Mr. Mitchell will be adopted at the Liberals' first big meeting on Monday, June 1st, at Christ's College, Church End Finchley, and it is expected that Liberal headquarters will send one of their prominent members to speak in this area later on.

Mr. Harris, too, was confident about catching the over-18's vote, pointing out that it was Liberal M.P. Mr. Eric Lubbock who brought it up in Parliament.

The Labour Party have fixed an eve-of-poll meeting at Christ Church Hall, North Finchley, but is suffering problems because of the resignation of their former candidate, Mr. Albert Tomlinson.

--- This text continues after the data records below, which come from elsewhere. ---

lemma has_sum_exhaustion:
  fixes f :: "'a \<Rightarrow> 'b::banach"
  assumes B_sub: "\<And>N. B N \<subseteq> A" and B_mono: "mono B"
    and exhaust: "\<And>F. finite F \<Longrightarrow> F \<subseteq> A \<Longrightarrow> \<exists>N. F \<subseteq> B N"
    and P: "\<And>N. (f has_sum P N) (B N)"
    and Q: "\<And>N. ((\<lambda>x. norm (f x)) has_sum Q N) (B N)"
    and Q_conv: "Q \<longlonglongrightarrow> L"
  shows "(\<lambda>x. norm (f x)) summable_on A" and "P \<longlonglongrightarrow> infsum f A"
proof -
  have "incseq Q"
  proof (rule monoI)
    fix N N' :: nat assume "N \<le> N'"
    with B_mono have "B N \<subseteq> B N'" by (rule monoD)
    then show "Q N \<le> Q N'" using has_sum_mono2[OF Q[of N] Q[of N']] by simp
  qed
  then have Q_le: "Q N \<le> L" for N
    using Q_conv by (rule incseq_le)
  have finite_le: "(\<Sum>x\<in>F. norm (f x)) \<le> L" if F: "finite F" "F \<subseteq> A" for F
  proof -
    obtain N where "F \<subseteq> B N" using exhaust[OF F] ..
    then have "(\<Sum>x\<in>F. norm (f x)) \<le> Q N"
      by (intro finite_sum_le_has_sum[OF Q \<open>finite F\<close>]) auto
    with Q_le[of N] show ?thesis by linarith
  qed
  show norm_summable: "(\<lambda>x. norm (f x)) summable_on A"
    by (rule nonneg_bdd_above_summable_on) (use finite_le in \<open>auto simp: bdd_above_def\<close>)
  have norm_le: "infsum (\<lambda>x. norm (f x)) A \<le> L"
    by (rule infsum_le_finite_sums[OF norm_summable finite_le])
  have tail: "norm (infsum f A - P N) \<le> L - Q N" for N
  proof -
    have "(f has_sum (infsum f A - P N)) (A - B N)"
      by (rule has_sum_Diff[OF has_sum_infsum P B_sub])
        (rule abs_summable_summable[OF norm_summable])
    moreover have "((\<lambda>x. norm (f x)) has_sum (infsum (\<lambda>x. norm (f x)) A - Q N)) (A - B N)"
      by (rule has_sum_Diff[OF has_sum_infsum[OF norm_summable] Q B_sub])
    ultimately have "norm (infsum f A - P N) \<le> infsum (\<lambda>x. norm (f x)) A - Q N"
      by (rule norm_has_sum_bound[rotated])
    with norm_le show ?thesis by linarith
  qed
  have "(\<lambda>N. P N - infsum f A) \<longlonglongrightarrow> 0"
  proof (rule Lim_null_comparison)
    show "\<forall>\<^sub>F N in sequentially. norm (P N - infsum f A) \<le> L - Q N"
      using tail by (simp add: norm_minus_commute)
    show "(\<lambda>N. L - Q N) \<longlonglongrightarrow> 0"
      using tendsto_diff[OF tendsto_const Q_conv, of L] by simp
  qed
  then show "P \<longlonglongrightarrow> infsum f A" by (simp add: LIM_zero_iff)
qed

lemma has_prod_of_tendsto_exp:
  fixes f :: "nat \<Rightarrow> 'a::{real_normed_field, banach}"
  assumes "(\<lambda>N. \<Prod>i\<in>{1..N}. f i) \<longlonglongrightarrow> exp L"
  shows "(\<lambda>m. f (Suc m)) has_prod exp L"
proof -
  have "(\<lambda>n. \<Prod>i\<le>n. f (Suc i)) = (\<lambda>n. \<Prod>i\<in>{1..Suc n}. f i)"
    unfolding One_nat_def prod.atLeast1_atMost_eq lessThan_Suc_atMost ..
  then have "(\<lambda>n. \<Prod>i\<le>n. f (Suc i)) \<longlonglongrightarrow> exp L"
    using LIMSEQ_Suc[OF assms] by simp
  then show ?thesis
    by (simp add: has_prod_def raw_has_prod_def)
qed

lemma minus_ln_one_minus_sums:
  fixes x :: complex
  assumes "norm x < 1"
  shows "(\<lambda>j. x ^ Suc j / of_nat (Suc j)) sums (- ln (1 - x))"
proof -
  have "(\<lambda>n. - ((- (- x)) ^ n) / of_nat n) sums ln (1 + - x)"
    by (rule Ln_series') (use assms in simp)
  then have "(\<lambda>n. x ^ n / of_nat n) sums (- ln (1 - x))"
    using sums_minus by fastforce
  then show ?thesis
    using sums_Suc_iff[of "\<lambda>n. x ^ n / of_nat n"] by simp
qed

lemma norm_power_diff_le:
  fixes t :: "'a::real_normed_algebra_1"
  shows "norm (t ^ n - (t - 1) ^ n) \<le> 2 * (1 + norm t) ^ n"
proof -
  have "norm (t ^ n) \<le> (1 + norm t) ^ n"
    by (rule order_trans[OF norm_power_ineq power_mono]) auto
  moreover have "norm ((t - 1) ^ n) \<le> (1 + norm t) ^ n"
    using norm_triangle_ineq4[of t 1]
    by (intro order_trans[OF norm_power_ineq power_mono]) (auto simp: add.commute)
  ultimately show ?thesis
    using norm_triangle_ineq4[of "t ^ n" "(t - 1) ^ n"] by linarith
qed

section \<open>Repeated parts of a non-increasing list\<close>

lemma sig_i_Cons:
  "sig_i i (x # l) = (if l \<noteq> [] \<and> x = i \<and> hd l = i then 1 else 0) + sig_i i l"
proof -
  let ?S = "\<lambda>l. {j. j + 1 < length l \<and> l ! j = i \<and> l ! (j + 1) = i}"
  have split: "?S (x # l) = (if l \<noteq> [] \<and> x = i \<and> hd l = i then {0} else {}) \<union> Suc ` ?S l"
  proof (intro set_eqI iffI)
    fix j assume "j \<in> ?S (x # l)"
    then show "j \<in> (if l \<noteq> [] \<and> x = i \<and> hd l = i then {0} else {}) \<union> Suc ` ?S l"
      by (cases j) (auto simp: hd_conv_nth)
  next
    fix j assume "j \<in> (if l \<noteq> [] \<and> x = i \<and> hd l = i then {0} else {}) \<union> Suc ` ?S l"
    then show "j \<in> ?S (x # l)"
      by (cases "l = []") (auto simp: hd_conv_nth split: if_splits)
  qed
  have "finite (Suc ` ?S l)"
    by (rule finite_imageI, rule finite_subset[of _ "{..<length l}"]) auto
  then have "card (?S (x # l)) = (if l \<noteq> [] \<and> x = i \<and> hd l = i then 1 else 0) + card (?S l)"
    unfolding split by (subst card_Un_disjoint) (auto simp: card_image)
  then show ?thesis unfolding sig_i_def .
qed

lemma sig_i_nonincreasing:
  assumes "sorted_wrt (\<ge>) l"
  shows "sig_i i l = count_list l i - 1"
  using assms
proof (induction l)
  case Nil
  then show ?case by (simp add: sig_i_def)
next
  case (Cons x l)
  then have IH: "sig_i i l = count_list l i - 1"
    by simp
  consider "l \<noteq> []" "x = i" "hd l = i" | "x = i" "i \<notin> set l" | "x \<noteq> i"
    using Cons.prems by (cases l) fastforce+
  then show ?case
  proof cases
    case 1
    then have "count_list l i \<ge> 1" by (cases l) auto
    with 1 IH show ?thesis by (simp add: sig_i_Cons)
  next
    case 2
    then show ?thesis using IH by (auto simp: sig_i_Cons count_list_0_iff)
  next
    case 3
    then show ?thesis using IH by (simp add: sig_i_Cons)
  qed
qed

lemma sig_eq_sum_sig_i: "sig l = (\<Sum>i\<in>set l. sig_i i l)"
proof -
  have "{j. j + 1 < length l \<and> l ! j = l ! (j + 1)} =
      (\<Union>i\<in>set l. {j. j + 1 < length l \<and> l ! j = i \<and> l ! (j + 1) = i})"
    by auto
  moreover have "card (\<Union>i\<in>set l. {j. j + 1 < length l \<and> l ! j = i \<and> l ! (j + 1) = i}) =
      (\<Sum>i\<in>set l. card {j. j + 1 < length l \<and> l ! j = i \<and> l ! (j + 1) = i})"
    by (rule card_UN_disjoint) (auto intro: finite_subset[of _ "{..<length l}"])
  ultimately show ?thesis unfolding sig_def sig_i_def by simp
qed

lemma theta_sc_term_eq_theta_vec_term: "theta_sc_term a s = theta_vec_term a (\<lambda>_. s)"
  by (rule ext) (simp add: theta_sc_term_def theta_vec_term_def sig_eq_sum_sig_i power_sum)

lemma theta_sc_eq_theta_vec: "theta_sc a s = theta_vec a (\<lambda>_. s)"
  by (rule ext) (simp add: theta_sc_def theta_vec_def theta_sc_term_eq_theta_vec_term)

lemma prod_list_map_eq_prod_count:
  fixes f :: "'a \<Rightarrow> 'b::comm_monoid_mult"
  assumes "finite X" "set l \<subseteq> X"
  shows "prod_list (map f l) = (\<Prod>i\<in>X. f i ^ count_list l i)"
  using assms(2)
proof (induction l)
  case Nil
  then show ?case by simp
next
  case (Cons x l)
  then have x: "x \<in> X" by simp
  have "(\<Prod>i\<in>X. f i ^ count_list (x # l) i) = (\<Prod>i\<in>X. (if i = x then f i else 1) * f i ^ count_list l i)"
    by (rule prod.cong) auto
  also have "\<dots> = f x * (\<Prod>i\<in>X. f i ^ count_list l i)"
    using assms(1) x by (simp add: prod.distrib prod.delta)
  finally show ?case using Cons by simp
qed

definition theta_monomial :: "(nat \<Rightarrow> real) \<Rightarrow> (nat \<Rightarrow> complex) \<Rightarrow> complex \<Rightarrow> nat list \<Rightarrow> complex" where
  "theta_monomial a t z l = theta_vec_term a t l * z ^ length l"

Mr. Tomlinson, whose name has been associated with the local Labour Party for many years, said he resigned for “personal reasons,” following his appointment as full-time secretary to the National Peace Council several months ago. He did not feel that Finchley Labour Party would have any difficulty in finding a candidate.

Labour's problem

The party secretary, Mrs. Vera Adair, told the Finchley Press she hoped the local party would also find itself an agent soon, as the absence of an agent was causing difficulties.

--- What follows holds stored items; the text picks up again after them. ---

(* Let $P : E \to B$ be a functor between finite categories which is both fibered in groupoids and cofibered in groupoids. Let $B = \coprod_i B_i$ be the decomposition of $B$ into connected components, and let $F_i$ be the fiber category $P^{-1}(b)$ over an object $b$ of $B_i$. If $E$ and each $B_i$ have Euler characteristics, then \[ \chi(E) = \sum_i \chi(B_i)\,\chi(F_i). \]
   Context: Matrices and Euler characteristic: for finite sets $I,J$ and $\zeta : I\times J \to \mathbb{Q}$, a weighting is $k^{\bullet} : J \to \mathbb{Q}$ with $\sum_j \zeta(i,j)k^j = 1$ for all $i$; a coweighting is $k_{\bullet} : I\to\mathbb{Q}$ with $\sum_i k_i\zeta(i,j)=1$ for all $j$. $\zeta$ has Euler characteristic if it has both, and then $|\zeta| = \sum_j k^j = \sum_i k_i$. A finite category $A$ has similarity matrix $\zeta_A(x,y) = \#A(x,y)$; $A$ has Euler characteristic if $\zeta_A$ does, and $\chi(A) = |\zeta_A|$. A morphism $f : e \to e'$ in $E$ is cartesian if for every $g : e'' \to e'$ and every $h : P(e'') \to P(e)$ with $P(f)\circ h = P(g)$ there is a unique $\tilde h : e'' \to e$ with $P(\tilde h) = h$ and $f\circ\tilde h = g$. $P$ is fibered in groupoids if every morphism of $E$ is cartesian and every morphism $f : b \to P(e)$ in $B$ has a lift $\tilde f : e' \to e$ with $P(\tilde f)=f$; cofibered in groupoids is the dual notion. The fiber category $P^{-1}(b)$ has objects $e$ with $P(e)=b$ and morphisms $f$ with $P(f)=\mathrm{id}_b$; over a connected component all fibers are equivalent. *)

theory Defs
  imports Main "HOL.Rat"
begin

definition weighting :: "'i set \<Rightarrow> 'j set \<Rightarrow> ('i \<Rightarrow> 'j \<Rightarrow> rat) \<Rightarrow> ('j \<Rightarrow> rat) \<Rightarrow> bool" where
  "weighting I J \<zeta> k \<longleftrightarrow> (\<forall>i\<in>I. (\<Sum>j\<in>J. \<zeta> i j * k j) = 1)"

definition coweighting :: "'i set \<Rightarrow> 'j set \<Rightarrow> ('i \<Rightarrow> 'j \<Rightarrow> rat) \<Rightarrow> ('i \<Rightarrow> rat) \<Rightarrow> bool" where
  "coweighting I J \<zeta> k \<longleftrightarrow> (\<forall>j\<in>J. (\<Sum>i\<in>I. k i * \<zeta> i j) = 1)"

definition has_euler_mat :: "'i set \<Rightarrow> 'j set \<Rightarrow> ('i \<Rightarrow> 'j \<Rightarrow> rat) \<Rightarrow> bool" where
  "has_euler_mat I J \<zeta> \<longleftrightarrow> (\<exists>k. weighting I J \<zeta> k) \<and> (\<exists>k. coweighting I J \<zeta> k)"

text \<open>Magnitude: sum of a weighting (independent of the choice when both a weighting
  and a coweighting exist).\<close>
definition euler_mat :: "'i set \<Rightarrow> 'j set \<Rightarrow> ('i \<Rightarrow> 'j \<Rightarrow> rat) \<Rightarrow> rat" where
  "euler_mat I J \<zeta> = (\<Sum>j\<in>J. (SOME k. weighting I J \<zeta> k) j)"

record ('o, 'a) cat =
  Ob :: "'o set"
  Ar :: "'a set"
  Dom :: "'a \<Rightarrow> 'o"
  Cod :: "'a \<Rightarrow> 'o"
  Id :: "'o \<Rightarrow> 'a"
  Comp :: "'a \<Rightarrow> 'a \<Rightarrow> 'a"  (* Comp C g f = g \<circ> f *)

definition category :: "('o, 'a, 'x) cat_scheme \<Rightarrow> bool" where
  "category C \<longleftrightarrow>
     (\<forall>f\<in>Ar C. Dom C f \<in> Ob C \<and> Cod C f \<in> Ob C) \<and>
     (\<forall>x\<in>Ob C. Id C x \<in> Ar C \<and> Dom C (Id C x) = x \<and> Cod C (Id C x) = x) \<and>
     (\<forall>f\<in>Ar C. \<forall>g\<in>Ar C. Cod C f = Dom C g \<longrightarrow>
        Comp C g f \<in> Ar C \<and> Dom C (Comp C g f) = Dom C f \<and> Cod C (Comp C g f) = Cod C g) \<and>
     (\<forall>f\<in>Ar C. Comp C (Id C (Cod C f)) f = f \<and> Comp C f (Id C (Dom C f)) = f) \<and>
     (\<forall>f\<in>Ar C. \<forall>g\<in>Ar C. \<forall>h\<in>Ar C. Cod C f = Dom C g \<longrightarrow> Cod C g = Dom C h \<longrightarrow>
        Comp C h (Comp C g f) = Comp C (Comp C h g) f)"

definition finite_category :: "('o, 'a, 'x) cat_scheme \<Rightarrow> bool" where
  "finite_category C \<longleftrightarrow> category C \<and> finite (Ob C) \<and> finite (Ar C)"

definition hom :: "('o, 'a, 'x) cat_scheme \<Rightarrow> 'o \<Rightarrow> 'o \<Rightarrow> 'a set" where
  "hom C x y = {f \<in> Ar C. Dom C f = x \<and> Cod C f = y}"

definition zeta :: "('o, 'a, 'x) cat_scheme \<Rightarrow> 'o \<Rightarrow> 'o \<Rightarrow> rat" where
  "zeta C x y = of_nat (card (hom C x y))"

definition has_euler_cat :: "('o, 'a, 'x) cat_scheme \<Rightarrow> bool" where
  "has_euler_cat C \<longleftrightarrow> has_euler_mat (Ob C) (Ob C) (zeta C)"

Muswell Hill and Hornsey M.P. Mr. Hugh Rossi, took the first plane back to London on Tuesday as soon as he heard news of the General Election. He had been visiting Italy as part of a Parliamentary delegation, as guest of the Italian Government.

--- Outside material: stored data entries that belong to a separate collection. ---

(* Let $\alpha\in(0,1)$ and let the index set $\mathcal I$ be either $\{1,\dots,n\}$ for some $n\in\mathbb N$ or $\mathbb N=\{1,2,\dots\}$. Let $(p_i)_{i\in\mathcal I}$ be independent random variables taking values in $[0,1]$ such that $\mathbb P(p_i\le t)\le t$ for all $t\in[0,1]$ and all $i\in\mathcal I$. Let $u_\alpha(k)$ be either the linear boundary $$u_\alpha(k)=\sqrt{\frac{-\log\alpha}{2m}}\,k+\sqrt{\frac{-m\log\alpha}{2}}$$ for an arbitrary fixed $m>0$, or the curved boundary $$u_\alpha(k)=1.7\sqrt{k\left(\log\log(2k)+0.72\log\frac{5.2}{\alpha}\right)}.$$ Then $$\mathbb P\Big(\exists k\in\mathcal I:\ \sum_{i=1}^k\Phi^{-1}(1-p_i)\ge u_\alpha(k)\Big)\le\alpha,$$ i.e. the martingale Stouffer test, which rejects the global null when this event occurs, controls the type-I error at level $\alpha$.
   Context: $\Phi$ denotes the standard Gaussian cumulative distribution function. The condition $\mathbb P(p_i\le t)\le t$ means that each $p_i$ is stochastically larger than a uniform random variable on $[0,1]$ (this is the situation under the global null hypothesis). *)

theory Defs
  imports "HOL-Probability.Probability"
begin

definition Phi :: "real \<Rightarrow> real" where
  "Phi x = measure (density lborel std_normal_density) {..x}"

definition Phi_inv :: "real \<Rightarrow> ereal" where
  "Phi_inv q = (if q \<le> 0 then -\<infinity> else if 1 \<le> q then \<infinity>
                else ereal (THE x. Phi x = q))"

definition u_linear :: "real \<Rightarrow> real \<Rightarrow> nat \<Rightarrow> real" where
  "u_linear \<alpha> m k = sqrt (- ln \<alpha> / (2 * m)) * real k + sqrt (- m * ln \<alpha> / 2)"

definition u_curved :: "real \<Rightarrow> nat \<Rightarrow> real" where
  "u_curved \<alpha> k = 1.7 * sqrt (real k * (ln (ln (2 * real k)) + 0.72 * ln (5.2 / \<alpha>)))"

end

(* Under the null hypothesis the z-scores Z i = Phi_inv (1 - p i) are independent and stochastically
   dominated by standard normals, so for every l > 0 the products of exp (l * Z i - l^2 / 2) form a
   nonnegative supermartingale started at 1. By Ville's maximal inequality it reaches 1 / delta with
   probability at most delta, and for l = sqrt (2 * - ln delta / m) this event contains every crossing
   of the linear boundary u_linear delta m.
   The curved boundary dominates, on each epoch (11/5)^j <= k <= (11/5)^(j+1), the linear boundary
   tuned to the geometric mean of the epoch at level alpha * w j, where the weights w j sum to at most 1;
   a union bound over the epochs gives level alpha. *)

theory Submission
  imports Defs
begin

abbreviation N01 :: "real measure" where "N01 \<equiv> std_normal_distribution"

interpretation N01: real_distribution N01
  by (rule real_dist_normal_dist)

lemma Phi_eq_cdf: "Phi = cdf N01"
  by (simp add: Phi_def fun_eq_iff cdf_def)

lemma emeasure_std_normal_eq_0_iff:
  assumes "A \<in> sets borel"
  shows "emeasure N01 A = 0 \<longleftrightarrow> emeasure lborel A = 0"
proof -
  have "emeasure N01 A = (\<integral>\<^sup>+z. ennreal (std_normal_density z) * indicator A z \<partial>lborel)"
    using assms by (subst emeasure_density) auto
  also have "\<dots> = 0 \<longleftrightarrow> (AE z in lborel. z \<notin> A)"
    using assms normal_density_pos[of 1 0]
    by (subst nn_integral_0_iff_AE) (auto simp: indicator_def less_le)
  also have "\<dots> \<longleftrightarrow> emeasure lborel A = 0"
    using assms by (simp add: AE_iff_measurable[OF _ refl])
  finally show ?thesis .
qed

lemma isCont_Phi: "isCont Phi x"
  unfolding Phi_eq_cdf N01.isCont_cdf
  using emeasure_std_normal_eq_0_iff[of "{x}"] by (simp add: N01.emeasure_eq_measure)

lemma strict_mono_Phi: "strict_mono Phi"
proof
  fix x y :: real assume "x < y"
  then have "emeasure N01 {x<..y} \<noteq> 0"
    using emeasure_std_normal_eq_0_iff[of "{x<..y}"] by simp
  then have "0 < measure N01 {x<..y}"
    by (simp add: N01.emeasure_eq_measure zero_less_measure_iff)
  then show "Phi x < Phi y"
    using N01.cdf_diff_eq[OF \<open>x < y\<close>] unfolding Phi_eq_cdf by linarith
qed

lemma Phi_surj:
  assumes "0 < q" "q < 1"
  obtains z where "Phi z = q"
proof -
  have "eventually (\<lambda>x. Phi x < q) at_bot"
    using order_tendstoD(2)[OF N01.cdf_lim_at_bot assms(1)] unfolding Phi_eq_cdf .
  then obtain a where a: "Phi a < q" by (auto simp: eventually_at_bot_linorder)
  have "eventually (\<lambda>x. q < Phi x) at_top"
    using order_tendstoD(1)[OF N01.cdf_lim_at_top_prob assms(2)] unfolding Phi_eq_cdf .
  then obtain b where b: "q < Phi b" by (auto simp: eventually_at_top_linorder)
  have "a \<le> b"
    using a b strict_mono_less[OF strict_mono_Phi, of a b] by simp
  then show ?thesis
    using IVT'[of Phi a q b] a b isCont_Phi that by (auto intro: continuous_at_imp_continuous_on)
qed

definition normal_score :: "real \<Rightarrow> real" where
  "normal_score q = (if 0 < q \<and> q < 1 then THE z. Phi z = 1 - q else 0)"

lemma Phi_normal_score:
  assumes "0 < q" "q < 1"
  shows "Phi (normal_score q) = 1 - q"
proof -
  obtain z where z: "Phi z = 1 - q" using Phi_surj[of "1 - q"] assms by auto
  have "Phi (THE z. Phi z = 1 - q) = 1 - q"
  proof (rule theI[of _ z])
    fix x assume "Phi x = 1 - q"
    then show "x = z" using z strict_mono_eq[OF strict_mono_Phi, of x z] by simp
  qed (fact z)
  then show ?thesis using assms by (simp add: normal_score_def)
qed

lemma Phi_inv_one_minus:
  assumes "0 < q" "q < 1"
  shows "Phi_inv (1 - q) = ereal (normal_score q)"
  using assms by (simp add: Phi_inv_def normal_score_def)

lemma less_normal_score_iff:
  assumes "0 < q" "q < 1"
  shows "t < normal_score q \<longleftrightarrow> Phi t < 1 - q"
  using Phi_normal_score[OF assms] strict_mono_less[OF strict_mono_Phi] by metis

lemma borel_measurable_normal_score [measurable]: "normal_score \<in> borel_measurable borel"
proof -
  have "mono_on {0<..<1} (\<lambda>q. - normal_score q)"
  proof (rule mono_onI)
    fix q q' :: real assume "q \<in> {0<..<1}" "q' \<in> {0<..<1}" "q \<le> q'"
    then have "Phi (normal_score q') \<le> Phi (normal_score q)"
      by (simp add: Phi_normal_score)
    then show "- normal_score q \<le> - normal_score q'"
      by (simp add: strict_mono_less_eq[OF strict_mono_Phi])
  qed
  then have "(\<lambda>q. - (- normal_score q)) \<in> borel_measurable (restrict_space borel {0<..<1})"
    by (intro borel_measurable_uminus borel_measurable_mono_on_fnc)
  then have "(\<lambda>q. if q \<in> {0<..<1} then normal_score q else 0) \<in> borel_measurable borel"
    by (subst measurable_restrict_space_iff[symmetric]) auto
  then show ?thesis
    by (rule measurable_cong[THEN iffD1, rotated]) (auto simp: normal_score_def)
qed

lemma borel_measurable_Phi_inv [measurable]: "Phi_inv \<in> borel_measurable borel"
proof -
  have eq: "Phi_inv = (\<lambda>q. if q \<le> 0 then -\<infinity> else if 1 \<le> q then \<infinity> else ereal (normal_score (1 - q)))"
    by (simp add: fun_eq_iff Phi_inv_def normal_score_def)
  show ?thesis unfolding eq by measurable
qed

lemma nn_integral_layer_cake:
  fixes g :: "'a \<Rightarrow> real"
  assumes "sigma_finite_measure M" and g [measurable]: "g \<in> borel_measurable M"
    and nonneg: "\<And>x. 0 \<le> g x"
  shows "(\<integral>\<^sup>+x. ennreal (g x) \<partial>M) = (\<integral>\<^sup>+s. emeasure M {x\<in>space M. s < g x} * indicator {0<..} s \<partial>lborel)"
proof -
  interpret sigma_finite_measure M by fact
  interpret pair_sigma_finite M lborel ..
  define f :: "'a \<Rightarrow> real \<Rightarrow> ennreal" where "f x s = indicator {0<..<g x} s" for x s
  have [measurable]: "case_prod f \<in> borel_measurable (M \<Otimes>\<^sub>M lborel)"
    unfolding f_def indicator_def greaterThanLessThan_iff by measurable
  have "(\<integral>\<^sup>+x. ennreal (g x) \<partial>M) = (\<integral>\<^sup>+x. (\<integral>\<^sup>+s. f x s \<partial>lborel) \<partial>M)"
    using nonneg by (intro nn_integral_cong) (simp add: f_def emeasure_lborel_Ioo)
  also have "\<dots> = (\<integral>\<^sup>+s. (\<integral>\<^sup>+x. f x s \<partial>M) \<partial>lborel)"
    by (rule Fubini'[symmetric]) measurable
  also have "\<dots> = (\<integral>\<^sup>+s. emeasure M {x\<in>space M. s < g x} * indicator {0<..} s \<partial>lborel)"
  proof (intro nn_integral_cong)
    fix s :: real
    have "(\<integral>\<^sup>+x. f x s \<partial>M) = (\<integral>\<^sup>+x. indicator {x\<in>space M. s < g x} x * indicator {0<..} s \<partial>M)"
      by (intro nn_integral_cong) (auto simp: f_def indicator_def)
    then show "(\<integral>\<^sup>+x. f x s \<partial>M) = emeasure M {x\<in>space M. s < g x} * indicator {0<..} s"
      by (simp add: nn_integral_multc)
  qed
  finally show ?thesis .
qed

Mr. Rossi, who lives at Beech Drive, East Finchley, will be standing again as Conservative candidate for the Hornsey constituency. His Labour opponent will be Mr. Philip Pestell, of Queens Avenue, Muswell Hill, while the Liberals will be represented by Mr. Laurence Brass, of Corringham Road, Hampstead Garden Suburb.

• The party headquarters are:—Conservatives: 267, Ballards Lane, North Finchley; Liberals: 331a, Ballards Lane, North Finchley; Labour: 166, Regent's Park Road, Church End Finchley.

• The 1966 election in Finchley resulted in a majority of 9,464 for Mrs. Thatcher. The results were: Conservative, 23,968; Labour, 14,504; Liberal, 13,070. [end p1]

(2) Finchley Times, 29 May 1970

A fourth term in Parliament is what the confident Conservatives expect for their calm candidate, Mrs. Margaret Thatcher, MP, who has been readopted as the official Conservative candidate at a meeting in Finchley.

The favourite daughter of the Finchley Conservatives, she has kept the election machine smoothly purring away.

Now she has given it more throttle and every possible angle in the battle for votes is explored. Take the important postal vote …

Roy Langstone, the Tory election agent, said: “We've put a lot of work into this and now the postal votes are coming in at a hell of a rate. Fifteen hundred people applied for postal votes in the 1966 election and 1,200 of them were used, of which 1,100 were cast for us. We are aiming to get those figures again.”

Mrs. Thatcher, spreading her energies over Finchley and other constituencies where she has been asked to appear—she is the only woman in Mr Heath 's Shadow Cabinet—has completed her first election leaflet.

In it she recalls that she has represented Finchley since 1959 and hopes that the electors will again give her a vote of confidence.

She advises people not to be influenced by television electioneering, but to attend meetings and ask questions. She is speaking at six public meetings in the constituency.

Mrs. Thatcher has specially invited young people who have never voted in a general election before to attend her meetings.

She wants to maintain the democratic tradition of public meetings with lots of questions being fired.